Just a year later, 45 years ago, I watched over some months a disturbingly violent relationship that seemed to leave a young woman helpless.

Most nights an Australian woman who had a room near mine in a hostel in Port Moresby would unlock an external door to admit a Papua New Guinean man and take him to her room, where at some stage in the next few hours he would bash her.
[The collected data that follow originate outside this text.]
lemma lookup_times_single_add:
  fixes f :: "('a::cancel_comm_monoid_add) \<Rightarrow>\<^sub>0 ('b::comm_semiring_1)"
  shows "lookup (f * single t c) (s + t) = lookup f s * c"
proof -
  have "(\<lambda>l. lookup f l * c when s + t = l + t) = (\<lambda>l. lookup f l * c when l = s)"
    by (auto simp: when_def)
  then show ?thesis by (simp add: lookup_times_single)
qed

lemma lookup_times_single_not_add:
  fixes f :: "('a::cancel_comm_monoid_add) \<Rightarrow>\<^sub>0 ('b::comm_semiring_1)"
  assumes "\<And>l. s \<noteq> l + t"
  shows "lookup (f * single t c) s = 0"
  using assms by (simp add: lookup_times_single when_def)

lemma is_ideal_ideal_gen: "is_ideal (ideal_gen S)"
  unfolding is_ideal_def ideal_gen_def by blast

lemma ideal_gen_subset: "S \<subseteq> ideal_gen S"
  by (auto simp: ideal_gen_def)

lemma ideal_gen_minimal: "is_ideal J \<Longrightarrow> S \<subseteq> J \<Longrightarrow> ideal_gen S \<subseteq> J"
  by (auto simp: ideal_gen_def)

lemma ideal_gen_mult: "f \<in> ideal_gen S \<Longrightarrow> r * f \<in> ideal_gen S"
  using is_ideal_ideal_gen[of S] by (simp add: is_ideal_def)

lemma subset_rad: "J \<subseteq> rad J"
  unfolding rad_def by (auto intro: exI[of _ 1])

lemma ideal_gen_keys_divisible:
  fixes S :: "('a::cancel_comm_monoid_add \<Rightarrow>\<^sub>0 'k::comm_ring_1) set"
  assumes Q: "\<And>a b. Q (a + b) \<Longrightarrow> Q b"
    and P: "P \<in> ideal_gen S" and w: "w \<in> keys P" "Q w"
  shows "\<exists>g\<in>S. \<exists>p\<in>keys g. \<exists>c. w = c + p"
proof -
  define J where "J = {P :: 'a \<Rightarrow>\<^sub>0 'k. \<forall>w\<in>keys P. Q w \<longrightarrow> (\<exists>g\<in>S. \<exists>p\<in>keys g. \<exists>c. w = c + p)}"
  have mult: "r * f \<in> J" if f: "f \<in> J" for r f
  proof -
    have "\<exists>g\<in>S. \<exists>p\<in>keys g. \<exists>c. w = c + p" if w: "w \<in> keys (r * f)" "Q w" for w
    proof -
      from w(1) keys_mult[of r f] obtain a b where ab: "w = a + b" "b \<in> keys f" by blast
      from ab(1) w(2) Q have "Q b" by simp
      with ab(2) f obtain g p c where "g \<in> S" "p \<in> keys g" "b = c + p"
        unfolding J_def by blast
      with ab(1) show ?thesis by (metis add.assoc)
    qed
    then show ?thesis unfolding J_def by blast
  qed
  have add: "f + g \<in> J" if "f \<in> J" "g \<in> J" for f g
    using that keys_add[of f g] unfolding J_def by blast
  have "0 \<in> J" by (simp add: J_def)
  with mult add have "is_ideal J"
    unfolding is_ideal_def by blast
  moreover have "S \<subseteq> J"
  proof
    fix g assume "g \<in> S"
    have "\<And>w::'a. w = 0 + w" by simp
    with \<open>g \<in> S\<close> show "g \<in> J" unfolding J_def by blast
  qed
  ultimately have "P \<in> J"
    using ideal_gen_minimal P by blast
  with w show ?thesis unfolding J_def by blast
qed

section \<open>Coefficient sums over classes modulo a lattice\<close>

lemma lattice_zero: "is_lattice L \<Longrightarrow> (\<lambda>i. 0) \<in> L"
  by (simp add: is_lattice_def)

lemma lattice_add: "is_lattice L \<Longrightarrow> u \<in> L \<Longrightarrow> v \<in> L \<Longrightarrow> (\<lambda>i. u i + v i) \<in> L"
  by (simp add: is_lattice_def)

lemma lattice_uminus: "is_lattice L \<Longrightarrow> u \<in> L \<Longrightarrow> (\<lambda>i. - u i) \<in> L"
  by (simp add: is_lattice_def)

definition in_coset :: "('n \<Rightarrow> int) set \<Rightarrow> ('n \<Rightarrow> int) \<Rightarrow> ('n \<Rightarrow>\<^sub>0 nat) \<Rightarrow> bool" where
  "in_coset L z w \<longleftrightarrow> (\<lambda>i. int (lookup w i) - z i) \<in> L"

abbreviation expvec :: "('n \<Rightarrow>\<^sub>0 nat) \<Rightarrow> 'n \<Rightarrow> int" where
  "expvec w \<equiv> \<lambda>i. int (lookup w i)"

definition coset_coeff_sum :: "('n \<Rightarrow> int) set \<Rightarrow> ('n \<Rightarrow> int) \<Rightarrow> (('n \<Rightarrow>\<^sub>0 nat) \<Rightarrow>\<^sub>0 'k::comm_ring_1) \<Rightarrow> 'k" where
  "coset_coeff_sum L z P = sum (lookup P) {w \<in> keys P. in_coset L z w}"

lemma coset_coeff_sum_0 [simp]: "coset_coeff_sum L z 0 = 0"
  by (simp add: coset_coeff_sum_def)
In the morning she’d appear with swollen lips and black eyes, and because she’d be bashed again within a few days the swollen lips and black eyes were more or less permanent. When anyone expressed concern she’d tell them to mind their own business.

Normally there would be an unbridgeable gulf between these two people. She was educated, sophisticated and in her mid 20s, and he was uneducated, tribal, in his 30s and often wearing the facial adornments of his tribe. Five months or so after the beatings began the woman was, against her will, sent back to Australia.

More recently my wife and I had the misfortune to see a similar tragedy play out near our home. Every few nights there’d be screaming, shouting and smashing noises in a house near ours, and a short time later we’d see the woman wobbling up the street or police arrive, or both. Police would take the woman or the man away, and to our amazement she’d return the next day or wait in the house for his return.

Once I saw a police car drop him back at the house at 7am after a night in a cell, and the police car wouldn’t have travelled a kilometre before he was bashing her again. I called the police, fearing this time that she would be killed.One day she didn’t come back, and I hope she has found a life worth living, and a month or so later police who came asking questions about him told me they hoped to have him deported. He was gone from the house a month or so later.

I try to understand that these women may have been beaten into submission, but I cannot understand why they didn’t leave after the first assault. Maybe they have nowhere else to go. Thank goodness there is more support now for women caught in these terrible relationships.

Just as puzzling is the preference of some women for flawed men, for men who are driven to dominate women they see as their property.If the men are not violent they may be physically threatening, and almost certainly they will be abusive and unpredictable.Perhaps these women have an urge to rescue a man, to save him from himself, to lead him to a life of love and domestic bliss, and we see this when women commit to a relationship with a fellow who is clearly a no hoper. She believes he’ll change, that she can change him, and sadly she’s almost always wrong.We see it in the willingness, the eagerness, of some women to become spellbound by criminal men in jail.

I support the campaign against violence towards women, although I resent what is often the suggestion that all men beat their wives or are at least inclined to be violent towards women. It’s a pity this campaign doesn’t attempt also to educate some women on the options available to them so they can make better choices.